**TASK DIRECTIONS:**
Whenever a line below holds the word "False", copy that line.

- - - - - - -

(* Let $\Gamma$ be a discrete subgroup of $E(n)$, and let $A=\lambda A'$, where $A'\in O(n)$ and $\lambda>0$. Suppose that $A\Gamma A^{-1}\subset\Gamma$ and $\lambda\le1$. Then $A\Gamma A^{-1}=\Gamma$.
   Context: $E(n)$ denotes the group of isometries of $\mathbb{R}^n$ (maps $x\mapsto Bx+b$, $B\in O(n)$, $b\in\mathbb{R}^n$) with the topology of $O(n)\times\mathbb{R}^n$; discreteness refers to this topology. $A\Gamma A^{-1}=\{A\circ\gamma\circ A^{-1}:\gamma\in\Gamma\}$. *)

theory Defs
  imports "HOL-Analysis.Analysis"
begin

text \<open>An element of E(n) is encoded as a pair (B, b) with B an orthogonal matrix;
  it acts as the map x \<mapsto> B x + b. The topology on such pairs is the product
  topology of the matrix space and R^n (restricted to O(n) x R^n).\<close>

definition isom :: "((real^'n^'n) \<times> (real^'n)) \<Rightarrow> (real^'n \<Rightarrow> real^'n)" where
  "isom g = (\<lambda>x. fst g *v x + snd g)"

definition Euclid_group :: "((real^'n^'n) \<times> (real^'n)) set" where
  "Euclid_group = {g. orthogonal_matrix (fst g)}"

definition subgroup_E :: "((real^'n^'n) \<times> (real^'n)) set \<Rightarrow> bool" where
  "subgroup_E \<Gamma> \<longleftrightarrow> \<Gamma> \<subseteq> Euclid_group \<and> id \<in> isom ` \<Gamma> \<and>
     (\<forall>g\<in>\<Gamma>. \<forall>h\<in>\<Gamma>. isom g \<circ> isom h \<in> isom ` \<Gamma>) \<and>
     (\<forall>g\<in>\<Gamma>. inv (isom g) \<in> isom ` \<Gamma>)"

definition conj_set :: "real^'n^'n \<Rightarrow> ((real^'n^'n) \<times> (real^'n)) set \<Rightarrow> (real^'n \<Rightarrow> real^'n) set" where
  "conj_set A \<Gamma> = {(\<lambda>x. A *v x) \<circ> isom \<gamma> \<circ> (\<lambda>x. matrix_inv A *v x) | \<gamma>. \<gamma> \<in> \<Gamma>}"

end

theory Submission
  imports Defs
begin

text \<open>Conjugation by \<open>A = c A'\<close> acts on pairs by \<open>(B, b) \<mapsto> (A' B A'\<^sup>T, c A' b)\<close>, an injective
  map of \<open>\<Gamma>\<close> into itself that does not increase the translation length \<open>|b|\<close> when \<open>c \<le> 1\<close>.
  A discrete subgroup of \<open>E(n)\<close> is uniformly discrete, because left translations are isometries
  of \<open>O(n) \<times> \<real>\<^sup>n\<close>, and its rotational parts lie in the bounded set \<open>O(n)\<close>; hence only finitely
  many elements of \<open>\<Gamma>\<close> have \<open>|b| \<le> R\<close>. Conjugation restricts to an injective self-map of each of
  these finite sets and is therefore onto.\<close>

lemma norm_matrix_sum_squares: "norm (M::real^'n^'m) = sqrt (\<Sum>i\<in>UNIV. \<Sum>j\<in>UNIV. (M$i$j)\<^sup>2)"
  by (simp add: norm_vec_def L2_set_def sum_nonneg)

lemma norm_transpose: "norm (transpose M) = norm (M::real^'n^'m)"
  by (simp add: norm_matrix_sum_squares transpose_def sum.swap[where A = "UNIV::'n set"])

lemma norm_orthogonal_matrix_vector:
  assumes "orthogonal_matrix (Q::real^'n^'n)" shows "norm (Q *v v) = norm v"
  using assms orthogonal_transformation orthogonal_transformation_matrix matrix_vector_mul_linear
  by (metis matrix_of_matrix_vector_mul)

lemma norm_vector_matrix_mult_orthogonal:
  assumes "orthogonal_matrix (Q::real^'n^'n)" shows "norm (v v* Q) = norm v"
  using norm_orthogonal_matrix_vector[of "transpose Q" v] assms by simp

lemma norm_matrix_mult_orthogonal_right:
  assumes "orthogonal_matrix (Q::real^'n^'n)" shows "norm (M ** Q) = norm (M::real^'n^'m)"
proof -
  have "(M ** Q) $ i = M $ i v* Q" for i
    by (simp add: vec_eq_iff matrix_matrix_mult_def vector_matrix_mult_def)
  then show ?thesis
    using assms by (simp only: norm_vec_def[of "M ** Q"] norm_vec_def[of M] norm_vector_matrix_mult_orthogonal)
qed

lemma norm_orthogonal_matrix_mult_left:
  assumes "orthogonal_matrix (Q::real^'n^'n)" shows "norm (Q ** M) = norm (M::real^'m^'n)"
proof -
  have "norm (Q ** M) = norm (transpose M ** transpose Q)"
    by (metis norm_transpose matrix_transpose_mul)
  also have "\<dots> = norm M"
    using assms by (simp add: norm_matrix_mult_orthogonal_right norm_transpose)
  finally show ?thesis .
qed

lemma norm_orthogonal_matrix:
  assumes "orthogonal_matrix (Q::real^'n^'n)" shows "norm Q = sqrt CARD('n)"
proof -
  have "norm (Q $ i) = 1" for i
    using assms by (simp add: orthogonal_matrix_orthonormal_rows row_def vec_nth_inverse)
  then show ?thesis by (simp add: norm_vec_def L2_set_def)
qed

lemma matrix_inv_unique:
  assumes "A ** B = mat 1" "B ** A = mat 1" shows "matrix_inv A = B"
proof -
  have "A ** matrix_inv A = mat 1 \<and> matrix_inv A ** A = mat 1"
    unfolding matrix_inv_def by (rule someI[of _ B]) (use assms in simp)
  then show ?thesis by (metis assms(2) matrix_mul_assoc matrix_mul_lid matrix_mul_rid)
qed

lemma matrix_inv_scaled_orthogonal:
  assumes "orthogonal_matrix (Q::real^'n^'n)" "c \<noteq> 0"
  shows "matrix_inv (c *\<^sub>R Q) = (1 / c) *\<^sub>R transpose Q"
proof -
  have QQ: "transpose Q ** Q = mat 1" "Q ** transpose Q = mat 1"
    using assms(1) by (simp_all add: orthogonal_matrix_def)
  show ?thesis
    using assms(2) by (intro matrix_inv_unique)
      (simp_all add: matrix_scalar_ac scalar_matrix_assoc[symmetric] QQ)
qed

lemma inj_on_nonincreasing_self_map_surj:
  fixes \<rho> :: "'a \<Rightarrow> 'b::linorder"
  assumes "inj_on f S" "f ` S \<subseteq> S" "\<And>x. x \<in> S \<Longrightarrow> \<rho> (f x) \<le> \<rho> x"
    and "\<And>r. finite {x \<in> S. \<rho> x \<le> r}"
  shows "f ` S = S"
proof
  show "S \<subseteq> f ` S"
  proof
    fix y assume "y \<in> S"
    define T where "T = {x \<in> S. \<rho> x \<le> \<rho> y}"
    have "f ` T \<subseteq> T"
      using assms(2,3) unfolding T_def by (force intro: order_trans)
    moreover have "finite T" using assms(4) unfolding T_def .
    moreover have "inj_on f T" using assms(1) by (rule inj_on_subset) (auto simp: T_def)
    ultimately have "f ` T = T" by (simp add: endo_inj_surj)
    with \<open>y \<in> S\<close> show "y \<in> f ` S" unfolding T_def by blast
  qed
qed (rule assms(2))

lemma inj_isom: "inj isom"
proof (rule injI)
  fix g h assume e: "isom g = isom h"
  have "snd g = snd h" using fun_cong[OF e, of 0] by (simp add: isom_def)
  moreover have "fst g *v x = fst h *v x" for x
    using fun_cong[OF e, of x] \<open>snd g = snd h\<close> by (simp add: isom_def)
  then have "fst g = fst h" by (simp add: matrix_eq)
  ultimately show "g = h" by (simp add: prod_eq_iff)
qed

lemma isom_comp: "isom g \<circ> isom h = isom (fst g ** fst h, fst g *v snd h + snd g)"
  by (rule ext) (simp add: isom_def matrix_vector_mul_assoc matrix_vector_right_distrib)

lemma isom_one: "isom (mat 1, 0) = id"
  by (simp add: isom_def id_def)

lemma inv_isom:
  assumes "orthogonal_matrix B"
  shows "inv (isom (B, b)) = isom (transpose B, - (transpose B *v b))"
proof (rule inv_unique_comp)
  have "B ** transpose B = mat 1" "transpose B ** B = mat 1"
    using assms by (simp_all add: orthogonal_matrix_def)
  then show "isom (B, b) \<circ> isom (transpose B, - (transpose B *v b)) = id"
    and "isom (transpose B, - (transpose B *v b)) \<circ> isom (B, b) = id"
    by (simp_all add: isom_comp isom_one linear_neg[OF matrix_vector_mul_linear]
        matrix_vector_mul_assoc del: transpose_matrix_vector)
qed

lemma orthogonal_matrix_fst_subgroup_E:
  assumes "subgroup_E \<Gamma>" "g \<in> \<Gamma>" shows "orthogonal_matrix (fst g)"
  using assms unfolding subgroup_E_def Euclid_group_def by auto

lemma mat_one_zero_in_subgroup_E:
  assumes "subgroup_E \<Gamma>" shows "(mat 1, 0) \<in> \<Gamma>"
  using assms inj_isom isom_one unfolding subgroup_E_def by (metis imageE injD)

definition Euclid_ldiv :: "((real^'n^'n) \<times> (real^'n)) \<Rightarrow> ((real^'n^'n) \<times> (real^'n)) \<Rightarrow> ((real^'n^'n) \<times> (real^'n))"
  where "Euclid_ldiv g h = (transpose (fst g) ** fst h, transpose (fst g) *v (snd h - snd g))"

lemma isom_Euclid_ldiv:
  assumes "orthogonal_matrix (fst g)"
  shows "isom (Euclid_ldiv g h) = inv (isom g) \<circ> isom h"
  using inv_isom[OF assms, of "snd g"]
  by (simp add: Euclid_ldiv_def isom_comp matrix_vector_mult_diff_distrib)

lemma Euclid_ldiv_in_subgroup_E:
  assumes "subgroup_E \<Gamma>" "g \<in> \<Gamma>" "h \<in> \<Gamma>"
  shows "Euclid_ldiv g h \<in> \<Gamma>"
proof -
  have "orthogonal_matrix (fst g)"
    using assms(1,2) by (rule orthogonal_matrix_fst_subgroup_E)
  moreover obtain g' where "g' \<in> \<Gamma>" "inv (isom g) = isom g'"
    using assms unfolding subgroup_E_def by blast
  moreover obtain k where "k \<in> \<Gamma>" "isom g' \<circ> isom h = isom k"
    using assms \<open>g' \<in> \<Gamma>\<close> unfolding subgroup_E_def by blast
  ultimately show ?thesis
    using isom_Euclid_ldiv injD[OF inj_isom] by metis
qed

lemma dist_one_Euclid_ldiv:
  assumes "orthogonal_matrix (fst g)"
  shows "dist (mat 1, 0) (Euclid_ldiv g h) = dist g h"
proof -
  have "transpose (fst g) ** (fst g - fst h) = transpose (fst g) ** fst g - transpose (fst g) ** fst h"
    by (metis matrix_add_ldistrib diff_add_cancel add_diff_cancel_right')
  then have "mat 1 - transpose (fst g) ** fst h = transpose (fst g) ** (fst g - fst h)"
    using assms by (simp add: orthogonal_matrix_def)
  moreover have "- (transpose (fst g) *v (snd h - snd g)) = transpose (fst g) *v (snd g - snd h)"
    by (simp add: matrix_vector_mult_diff_distrib del: transpose_matrix_vector)
  moreover have "g - h = (fst g - fst h, snd g - snd h)" by (simp add: prod_eq_iff)
  ultimately show ?thesis
    using assms by (simp add: Euclid_ldiv_def dist_norm norm_Pair
        norm_orthogonal_matrix_mult_left norm_orthogonal_matrix_vector del: transpose_matrix_vector)
qed

lemma uniform_discrete_subgroup_E:
  assumes "subgroup_E \<Gamma>" "discrete \<Gamma>"
  shows "uniform_discrete \<Gamma>"
proof -
  have "(mat 1, 0) \<in> \<Gamma>" using assms(1) by (rule mat_one_zero_in_subgroup_E)
  then obtain e where "e > 0" and e: "\<And>k. k \<in> \<Gamma> \<Longrightarrow> dist (mat 1, 0) k < e \<Longrightarrow> k = (mat 1, 0)"
    using discreteD[OF assms(2)] unfolding isolated_in_dist_Ex_iff by (metis dist_commute)
  have "g = h" if "g \<in> \<Gamma>" "h \<in> \<Gamma>" "dist g h < e" for g h
  proof -
    have "orthogonal_matrix (fst g)"
      using assms(1) that(1) by (rule orthogonal_matrix_fst_subgroup_E)
    then have "dist (mat 1, 0) (Euclid_ldiv g h) = dist g h"
      by (rule dist_one_Euclid_ldiv)
    with e that Euclid_ldiv_in_subgroup_E[OF assms(1)] have "Euclid_ldiv g h = (mat 1, 0)"
      by simp
    with \<open>dist (mat 1, 0) (Euclid_ldiv g h) = dist g h\<close> show "g = h" by simp
  qed
  with \<open>e > 0\<close> show ?thesis by (rule uniformI1)
qed

lemma finite_subgroup_E_translation_bounded:
  fixes \<Gamma> :: "((real^'n^'n) \<times> (real^'n)) set"
  assumes "subgroup_E \<Gamma>" "discrete \<Gamma>"
  shows "finite {g \<in> \<Gamma>. norm (snd g) \<le> R}"
proof -
  have "norm g \<le> sqrt CARD('n) + R" if "g \<in> \<Gamma>" "norm (snd g) \<le> R" for g
  proof -
    have "orthogonal_matrix (fst g)"
      using assms(1) that(1) by (rule orthogonal_matrix_fst_subgroup_E)
    then show ?thesis
      using norm_Pair_le[of "fst g" "snd g"] norm_orthogonal_matrix[of "fst g"] that(2) by simp
  qed
  then have "bounded {g \<in> \<Gamma>. norm (snd g) \<le> R}"
    by (intro boundedI) auto
  moreover have "uniform_discrete {g \<in> \<Gamma>. norm (snd g) \<le> R}"
    using uniform_discrete_subgroup_E[OF assms] by (rule uniform_discrete_subset) auto
  ultimately show ?thesis
    using uniform_discrete_finite_iff by blast
qed

definition similarity_conj :: "real \<Rightarrow> real^'n^'n \<Rightarrow> ((real^'n^'n) \<times> (real^'n)) \<Rightarrow> ((real^'n^'n) \<times> (real^'n))"
  where "similarity_conj c Q g = (Q ** fst g ** transpose Q, c *\<^sub>R (Q *v snd g))"

lemma conj_isom_similarity_conj:
  assumes "orthogonal_matrix (Q::real^'n^'n)" "c \<noteq> 0"
  shows "(\<lambda>x. (c *\<^sub>R Q) *v x) \<circ> isom g \<circ> (\<lambda>x. matrix_inv (c *\<^sub>R Q) *v x)
    = isom (similarity_conj c Q g)"
proof (rule ext)
  fix x
  have "(c *\<^sub>R Q) *v (fst g *v ((1 / c) *\<^sub>R transpose Q *v x) + snd g)
      = Q *v (fst g *v (transpose Q *v x)) + c *\<^sub>R (Q *v snd g)"
    using assms(2) by (simp add: matrix_vector_right_distrib matrix_vector_mult_scaleR
        scaleR_matrix_vector_assoc[symmetric] del: transpose_matrix_vector)
  then show "((\<lambda>x. (c *\<^sub>R Q) *v x) \<circ> isom g \<circ> (\<lambda>x. matrix_inv (c *\<^sub>R Q) *v x)) x
      = isom (similarity_conj c Q g) x"
    using assms by (simp add: isom_def similarity_conj_def matrix_inv_scaled_orthogonal
        matrix_vector_mul_assoc matrix_mul_assoc del: transpose_matrix_vector)
qed

lemma conj_set_scaled_orthogonal:
  assumes "orthogonal_matrix (Q::real^'n^'n)" "c \<noteq> 0"
  shows "conj_set (c *\<^sub>R Q) \<Gamma> = isom ` similarity_conj c Q ` \<Gamma>"
  unfolding conj_set_def conj_isom_similarity_conj[OF assms] by blast

lemma inj_similarity_conj:
  assumes "orthogonal_matrix (Q::real^'n^'n)" "c \<noteq> 0"
  shows "inj (similarity_conj c Q)"
proof (rule injI)
  fix g h assume "similarity_conj c Q g = similarity_conj c Q h"
  then have "transpose Q ** (Q ** fst g ** transpose Q) ** Q = transpose Q ** (Q ** fst h ** transpose Q) ** Q"
    and "transpose Q *v (Q *v snd g) = transpose Q *v (Q *v snd h)"
    using assms(2) by (simp_all add: similarity_conj_def)
  with assms(1) show "g = h"
    by (simp add: prod_eq_iff orthogonal_matrix_def matrix_mul_assoc matrix_vector_mul_assoc
        del: transpose_matrix_vector) (simp add: matrix_mul_assoc[symmetric])
qed

lemma norm_snd_similarity_conj:
  assumes "orthogonal_matrix (Q::real^'n^'n)"
  shows "norm (snd (similarity_conj c Q g)) = \<bar>c\<bar> * norm (snd g)"
  using assms by (simp add: similarity_conj_def norm_orthogonal_matrix_vector)

theorem mainTheorem12:
  fixes \<Gamma> :: "((real^'n^'n) \<times> (real^'n)) set"
    and A A' :: "real^'n^'n" and c :: real
  assumes "subgroup_E \<Gamma>" and "discrete \<Gamma>"
    and "orthogonal_matrix A'" and "c > 0" and "A = c *\<^sub>R A'"
    and "conj_set A \<Gamma> \<subseteq> isom ` \<Gamma>" and "c \<le> 1"
  shows "conj_set A \<Gamma> = isom ` \<Gamma>"
proof -
  have conj: "conj_set A \<Gamma> = isom ` similarity_conj c A' ` \<Gamma>"
    using assms(3-5) conj_set_scaled_orthogonal[of A' c] by simp
  with assms(6) have into: "similarity_conj c A' ` \<Gamma> \<subseteq> \<Gamma>"
    by (simp add: inj_image_subset_iff[OF inj_isom])
  have "similarity_conj c A' ` \<Gamma> = \<Gamma>"
  proof (rule inj_on_nonincreasing_self_map_surj[where \<rho> = "\<lambda>g. norm (snd g)"])
    show "inj_on (similarity_conj c A') \<Gamma>"
      using assms(3,4) inj_similarity_conj by (metis inj_on_subset less_irrefl subset_UNIV)
    show "norm (snd (similarity_conj c A' g)) \<le> norm (snd g)" for g
      using assms(3,4,7) by (simp add: norm_snd_similarity_conj mult_left_le_one_le)
    show "finite {g \<in> \<Gamma>. norm (snd g) \<le> r}" for r
      using assms(1,2) by (rule finite_subgroup_E_translation_bounded)
  qed (rule into)
  with conj show ?thesis by simp
qed

end
(* Let $0\le T_1\le T$, $T_1>0$, $p\ge 1$, and $\beta>0$. Let $y\in W^{1,1}(0,T)$ and let $\alpha$ be a function with $\alpha(t)\ge 0$ for $t\ge 0$ and $\alpha(t)\ge\beta$ for $t\ge T_1$. Suppose \[ y'(t)+\alpha(t)y(t)\le g(t),\qquad y(0)=y_0, \] where $g\in L^1(0,T_1)\cap L^p(T_1,T)$. Then \[ \sup_{0\le t\le T}y(t)\le |y_0|+(1+\beta^{-1})\big(\|g\|_{L^1(0,T_1)}+\|g\|_{L^p(T_1,T)}\big). \] *)

theory Defs
  imports "HOL-Analysis.Analysis"
begin

text \<open>y belongs to W^{1,1}(a,b) with weak derivative y': y' is Lebesgue integrable on
  [a,b] and y is (the absolutely continuous representative) given by
  y t = y a + integral of y' over [a,t].\<close>
definition W11 :: "(real \<Rightarrow> real) \<Rightarrow> (real \<Rightarrow> real) \<Rightarrow> real \<Rightarrow> real \<Rightarrow> bool" where
  "W11 y y' a b \<longleftrightarrow> set_integrable lborel {a..b} y' \<and>
     (\<forall>t\<in>{a..b}. y t = y a + (LINT s:{a..t}|lborel. y' s))"

definition in_Lp :: "real \<Rightarrow> (real \<Rightarrow> real) \<Rightarrow> real \<Rightarrow> real \<Rightarrow> bool" where
  "in_Lp p g a b \<longleftrightarrow> set_borel_measurable lborel {a..b} g \<and>
     set_integrable lborel {a..b} (\<lambda>t. \<bar>g t\<bar> powr p)"

definition Lp_norm :: "real \<Rightarrow> (real \<Rightarrow> real) \<Rightarrow> real \<Rightarrow> real \<Rightarrow> real" where
  "Lp_norm p g a b = (LINT t:{a..b}|lborel. \<bar>g t\<bar> powr p) powr (1 / p)"

end

theory Submission
  imports Defs
begin

(* Wherever y exceeds a level c >= max (y u) 0 on an interval where alpha >= beta >= 0, the
   differential inequality gives y' <= |g| - beta c, because alpha y >= beta y >= beta c.
   Integrating from the last time s before t at which y <= c yields
   y t <= c + int_s^t |g| - beta c (t - s).
   On [0, T1] take beta = 0 and c = |y0|, so y <= |y0| + ||g||_1.  On [T1, T] the pointwise
   bound x <= x^p / L^(p-1) + L gives int_s^t |g| <= L (1 + (t - s)) with L = ||g||_p, and the
   level c = max (|y0| + ||g||_1) (L / beta) makes the damping beta c (t - s) absorb the
   growing part, so y <= c + L. *)

lemma le_powr_div_powr_add:
  fixes x L p :: real
  assumes "0 \<le> x" "0 < L" "1 \<le> p"
  shows "x \<le> x powr p / L powr (p - 1) + L"
proof (cases "x \<le> L")
  case True
  then show ?thesis using assms by (simp add: add_increasing)
next
  case False
  then have "x * L powr (p - 1) \<le> x * x powr (p - 1)"
    using assms by (intro mult_left_mono powr_mono2) auto
  also have "\<dots> = x powr p"
    using False assms by (simp add: powr_diff powr_one)
  finally have "x \<le> x powr p / L powr (p - 1)"
    using assms by (simp add: pos_le_divide_eq)
  then show ?thesis using assms by linarith
qed

lemma set_integral_mono_set:
  fixes f :: "'a \<Rightarrow> real"
  assumes "set_integrable M A f" "B \<in> sets M" "B \<subseteq> A" "\<And>x. x \<in> A \<Longrightarrow> 0 \<le> f x"
  shows "(LINT x:B|M. f x) \<le> (LINT x:A|M. f x)"
  using set_integrable_subset[OF assms(1-3)] assms
  unfolding set_lebesgue_integral_def set_integrable_def
  by (intro integral_mono) (auto simp: indicator_def)

lemma set_integrable_const_Icc: "set_integrable lborel {a..b :: real} (\<lambda>_. c :: real)"
  by (intro borel_integrable_atLeastAtMost' continuous_on_const)

lemma in_Lp_set_integrable_abs:
  assumes "1 \<le> p" "in_Lp p g a b"
  shows "set_integrable lborel {a..b} (\<lambda>t. \<bar>g t\<bar>)"
proof (rule set_integrable_bound)
  show "set_integrable lborel {a..b} (\<lambda>t. \<bar>g t\<bar> powr p + 1)"
    using assms(2) unfolding in_Lp_def by (intro set_integral_add set_integrable_const_Icc) auto
  show "set_borel_measurable lborel {a..b} (\<lambda>t. \<bar>g t\<bar>)"
  proof -
    have "(\<lambda>t. indicator {a..b} t *\<^sub>R \<bar>g t\<bar>) = (\<lambda>t. \<bar>indicator {a..b} t *\<^sub>R g t\<bar>)"
      by (auto simp: indicator_def)
    then show ?thesis
      using assms(2) unfolding in_Lp_def set_borel_measurable_def by (simp add: borel_measurable_abs)
  qed
  have "x \<le> x powr p + 1" if "0 \<le> x" for x :: real
  proof (cases "x \<le> 1")
    case False
    then have "x powr 1 \<le> x powr p" using assms(1) by (intro powr_mono) auto
    then show ?thesis by simp
  qed (use powr_ge_zero[of x p] in linarith)
  then show "AE t in lborel. t \<in> {a..b} \<longrightarrow> norm \<bar>g t\<bar> \<le> norm (\<bar>g t\<bar> powr p + 1)"
    by auto
qed

lemma Lp_norm_nonneg: "0 \<le> Lp_norm p g a b"
  by (simp add: Lp_norm_def)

- - - - - - -

**SOLVED PROBLEM:**
  case False
    using False assms by (simp add: powr_diff powr_one)
    case False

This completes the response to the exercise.